Archiving News Articles

For historical purposes, I think it's valuable to archive newspaper articles. In the past, this was done quite simply with a pair of scissors. Cut out the article and put it into a scrapbook or a folder.

Nowdays, much of the news is found online and is surrounded by advertising, tracking scripts, videos, audio, and other details that don't related to the content itself. All of this makes it hard to create a single, standalone archive of the newspaper article. Here are a couple tips for creating an archive of a newspaper article.

Start With the Rendered HTML

When you're viewing the website, start by capturing the fully rendered HTML document. This can be done by running the following script in the JavaScript console.

copy(document.getElementsByTagName('html')[0].outerHTML)

Run the script, open a text editor, and paste the HTML into the document. Name the file article.html. Then open article.html in the browser and see what it looks like.

Another technique is to click "Save As" on the website and download a copy of the website to your computer. This will also includes external files which is not ideal for a standalone archive - but it is a good starting point for creating a standalone archive.

Prune Unneeded Tags

Now that you have article.html, you can try pruning different html tags, either manually or using a script. For example, if you run the following script in the JavaScript console, you can strip noscript, link, script, and iframe tags.

Array.prototype.forEach.apply(document.querySelectorAll('noscript,link,script,iframe'), [x => { console.log(x); x.remove() }])

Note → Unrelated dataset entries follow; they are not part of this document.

text \<open>Once the position of y is known, the corner assignment and the hull indices determine the
  positions of the fiber of y, and the fiber order tells which of them belongs to z.\<close>
lemma index_of_eq_in_fiber:
  assumes L: "set L = chP P" and I1: "I1 \<in> V P W" and I2: "I2 \<in> V P W"
    and eq: "encode L I1 = encode L I2"
    and y: "y \<in> P" "index_of I1 y = index_of I2 y"
    and z: "z \<in> P - chP P" "downdraft I1 z = y"
  shows "index_of I1 z = index_of I2 z"
proof -
  note dd = encode_eqD(1)[OF eq] and fo = encode_eqD(2)[OF eq]
  let ?F = "{u \<in> P - chP P. downdraft I1 u = y}"
  have "length I1 = length I2" using V_memD(4)[OF I1] V_memD(4)[OF I2] by simp
  have "index_of I1 ` ?F = {i. i < length I1 \<and> int i + 1 \<notin> set (hull_indices L I1) \<and>
      corner_assignment I1 ! i = int (index_of I1 y) + 1}"
    by (rule fiber_indices[OF L I1 y(1)])
  also have "\<dots> = {i. i < length I2 \<and> int i + 1 \<notin> set (hull_indices L I2) \<and>
      corner_assignment I2 ! i = int (index_of I2 y) + 1}"
    using \<open>length I1 = length I2\<close> encode_eqD(3,4)[OF eq] y(2) by simp
  also have "\<dots> = index_of I2 ` ?F"
    using fiber_indices[OF L I2 y(1)] dd by simp
  finally have same_image: "index_of I1 ` ?F = index_of I2 ` ?F" .
  have same_order: "index_of I1 u \<le> index_of I1 w \<longleftrightarrow> index_of I2 u \<le> index_of I2 w"
    if "u \<in> ?F" "w \<in> ?F" for u w
  proof -
    have "(u, w) \<in> fiber_order I1 \<longleftrightarrow> index_of I1 u \<le> index_of I1 w"
      using that unfolding fiber_order_def by simp
    moreover have "(u, w) \<in> fiber_order I2 \<longleftrightarrow> index_of I2 u \<le> index_of I2 w"
      using that dd unfolding fiber_order_def by simp
    ultimately show ?thesis using fo by simp
  qed
  have inj: "inj_on (index_of I) ?F" if "I \<in> V P W" for I
    by (rule inj_on_subset[OF inj_on_index_of[OF V_memD(1)[OF that]]]) (auto simp: V_memD(2)[OF that])
  have "finite ?F" using finite by simp
  moreover have "z \<in> ?F" using z by simp
  ultimately show ?thesis
    using eq_if_same_order_same_image[OF _ inj[OF I1] inj[OF I2] same_image same_order] by blast
qed

lemma index_of_eq_if_encode_eq:
  assumes L: "set L = chP P" and I1: "I1 \<in> V P W" and I2: "I2 \<in> V P W"
    and eq: "encode L I1 = encode L I2" and "x \<in> P"
  shows "index_of I1 x = index_of I2 x"
  using finite \<open>x \<in> P\<close> higher_trans higher_irrefl
proof (rule finite_strict_order_induct)
  fix z assume "z \<in> P" and IH: "\<And>y. y \<in> P \<Longrightarrow> higher P Q z y \<Longrightarrow> index_of I1 y = index_of I2 y"
  show "index_of I1 z = index_of I2 z"
  proof (cases "z \<in> chP P")
    case True
    then have "z \<in> set L" using L by simp
    then show ?thesis using encode_eqD(4)[OF eq] unfolding hull_indices_def map_eq_conv by simp
  next
    case False
    then have z: "z \<in> P - chP P" using \<open>z \<in> P\<close> by simp
    have "downdraft I1 z \<in> P" "higher P Q z (downdraft I1 z)" using downdraft(1,3)[OF I1 z] by simp_all
    then show ?thesis
      using index_of_eq_in_fiber[OF L I1 I2 eq _ IH z refl] by simp
  qed
qed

After running the script, re-run the HTML capture script, re-save the document, and see if it still looks ok. Iterate on this process until you're removed much of the unneeded markup.

Monitor the Network

If you go to the "Network" tab of the developer conosle, you can see what external resources are being requested. If you see more than the HTML document, do a search and try to find the tag that is requesting the external resource. You can then strip it out or replace it with inline content.